Hi,
in order to fit Cox model with time-dependent coeff, you have to restruct
your dataframe. For instance you
can use the counting process formulation "(start,stop,status)".
Some years ago I wrote a function (reCox() below) to make the job. It seems
to work if there are not ties, but
if there are ties it works but some problem rises (results do not match
exactly).

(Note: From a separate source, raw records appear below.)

lemma product_sigma_finite_const: "product_sigma_finite (\<lambda>_. M)"
  by (simp add: product_sigma_finite_def sigma_finite_measure_axioms)

lemma emeasure_space_PiM_nonzero:
  assumes "finite J"
  shows "emeasure (PiM J (\<lambda>_. M)) (space (PiM J (\<lambda>_. M))) \<noteq> 0"
proof -
  interpret product_sigma_finite "\<lambda>_. M"
    by (rule product_sigma_finite_const)
  have "emeasure (PiM J (\<lambda>_. M)) (Pi\<^sub>E J (\<lambda>_. space M)) = (\<Prod>i\<in>J. emeasure M (space M))"
    using assms by (simp add: emeasure_PiM)
  then show ?thesis
    using emeasure_space_nonzero assms by (simp add: space_PiM ennreal_prod_eq_0)
qed

lemma AE_PiM_restrict_iff:
  assumes fin: "finite I" "finite J" and disjoint: "I \<inter> J = {}"
  shows "(AE x in PiM (I \<union> J) (\<lambda>_. M). Q (restrict x I)) \<longleftrightarrow> (AE a in PiM I (\<lambda>_. M). Q a)"
proof -
  interpret product_sigma_finite "\<lambda>_. M"
    by (rule product_sigma_finite_const)
  interpret I: finite_product_sigma_finite "\<lambda>_. M" I
    by standard fact
  interpret J: finite_product_sigma_finite "\<lambda>_. M" J
    by standard fact
  have "(AE x in PiM (I \<union> J) (\<lambda>_. M). Q (restrict x I))
      \<longleftrightarrow> (AE p in PiM I (\<lambda>_. M) \<Otimes>\<^sub>M PiM J (\<lambda>_. M). Q (restrict (merge I J p) I))"
  proof (rule AE_measure_preserving_bij_iff[symmetric, where S="\<lambda>x. (restrict x I, restrict x J)"])
    show "(\<lambda>x. (restrict x I, restrict x J))
        \<in> measurable (PiM (I \<union> J) (\<lambda>_. M)) (PiM I (\<lambda>_. M) \<Otimes>\<^sub>M PiM J (\<lambda>_. M))"
      by (intro measurable_Pair measurable_restrict_subset) auto
    show "(restrict (merge I J p) I, restrict (merge I J p) J) = p"
      if "p \<in> space (PiM I (\<lambda>_. M) \<Otimes>\<^sub>M PiM J (\<lambda>_. M))" for p
      using that disjoint
      by (cases p) (auto simp: space_pair_measure space_PiM PiE_iff intro!: restrict_ext extensional_restrict)
    show "merge I J (restrict x I, restrict x J) = x" if "x \<in> space (PiM (I \<union> J) (\<lambda>_. M))" for x
      using that by (auto simp: space_PiM)
  qed (simp_all add: measurable_merge distr_merge[OF disjoint fin])
  also have "\<dots> \<longleftrightarrow> (AE p in PiM I (\<lambda>_. M) \<Otimes>\<^sub>M PiM J (\<lambda>_. M). Q (fst p))"
    using disjoint
    by (intro AE_cong) (auto simp: space_pair_measure space_PiM PiE_iff)
  also have "\<dots> \<longleftrightarrow> (AE a in PiM I (\<lambda>_. M). Q a)"
    by (rule AE_pair_measure_fst_iff[OF I.sigma_finite_measure_axioms J.sigma_finite_measure_axioms
          emeasure_space_PiM_nonzero[OF fin(2)]])
  finally show ?thesis .
qed

lemma distr_PiM_bij_reindex:
  assumes f: "bij_betw f I J" and fin: "finite I"
  shows "distr (PiM J (\<lambda>_. M)) (PiM I (\<lambda>_. M)) (\<lambda>\<omega>. \<lambda>i\<in>I. \<omega> (f i)) = PiM I (\<lambda>_. M)"
proof -
  interpret product_sigma_finite "\<lambda>_. M"
    by (rule product_sigma_finite_const)
  let ?g = "the_inv_into I f"
  have finJ: "finite J"
    using f fin bij_betw_finite by blast
  have meas: "(\<lambda>\<omega>. \<lambda>i\<in>I. \<omega> (f i)) \<in> measurable (PiM J (\<lambda>_. M)) (PiM I (\<lambda>_. M))"
    using f by (auto intro!: measurable_restrict measurable_component_singleton simp: bij_betw_def)
  show ?thesis
  proof (rule PiM_eqI[OF fin])
    fix A assume A: "\<And>i. i \<in> I \<Longrightarrow> A i \<in> sets M"
    have AJ: "A (?g j) \<in> sets M" if "j \<in> J" for j
      using A f that by (simp add: bij_betw_def the_inv_into_into)
    have "emeasure (distr (PiM J (\<lambda>_. M)) (PiM I (\<lambda>_. M)) (\<lambda>\<omega>. \<lambda>i\<in>I. \<omega> (f i))) (Pi\<^sub>E I A)
        = emeasure (PiM J (\<lambda>_. M)) (Pi\<^sub>E J (\<lambda>j. A (?g j)))"
      using meas A
      by (simp add: emeasure_distr sets_PiM_I_finite fin PiE_vimage_bij_reindex[OF f sets.sets_into_space[OF A]])
    also have "\<dots> = (\<Prod>j\<in>J. emeasure M (A (?g j)))"
      using AJ finJ by (simp add: emeasure_PiM)
    also have "\<dots> = (\<Prod>i\<in>I. emeasure M (A i))"
      using f by (subst prod.reindex_bij_betw[symmetric, OF f])
        (auto intro!: prod.cong simp: bij_betw_def the_inv_into_f_f)
    finally show "emeasure (distr (PiM J (\<lambda>_. M)) (PiM I (\<lambda>_. M)) (\<lambda>\<omega>. \<lambda>i\<in>I. \<omega> (f i))) (Pi\<^sub>E I A)
        = (\<Prod>i\<in>I. emeasure M (A i))" .
  qed simp
qed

Let me know if you can fix such problem.
Note that in the restructed dataset, a (linear) time varying effect for the
variable X, say, may be included by the "X:stop" term in the model.
Hope this helps,
regards,
vito
#example taken from ?cph in the Hmisc package
n <- 100
set.seed(731)
age <- 50 + 12*rnorm(n)
sex <- factor(sample(c('Male','Female'), n,rep=TRUE, prob=c(.6, .4)))
cens <- 15*runif(n)
h <- .02*exp(.04*(age-50)+.8*(sex=='Female'))
ttime <- -log(runif(n))/h
status <- ifelse(ttime <= cens,1,0)
ttime <- pmin(ttime, cens)
d<-data.frame(ttime=ttime,status=status,age=age,sex=sex)
#restruct the original dataframe
dd<-reCox(d)
#compare fitted model without ties (minor (negligible?) differences)
coxph(Surv(ttime,status) ~ age + sex,data=d)
coxph(Surv(start,stop,status) ~ age + sex,data=dd)
#data with ties (major differences)
d$ttime[d$status==1]<-round(d$ttime[d$status==1],1)
dd<-reCox(d,k=1:2,epss=0.01) #here you have to specify epss>0 to allow
coxph() to work
coxph(Surv(ttime,status) ~ age + sex,data=d)
coxph(Surv(start,stop,status) ~ age + sex,data=dd)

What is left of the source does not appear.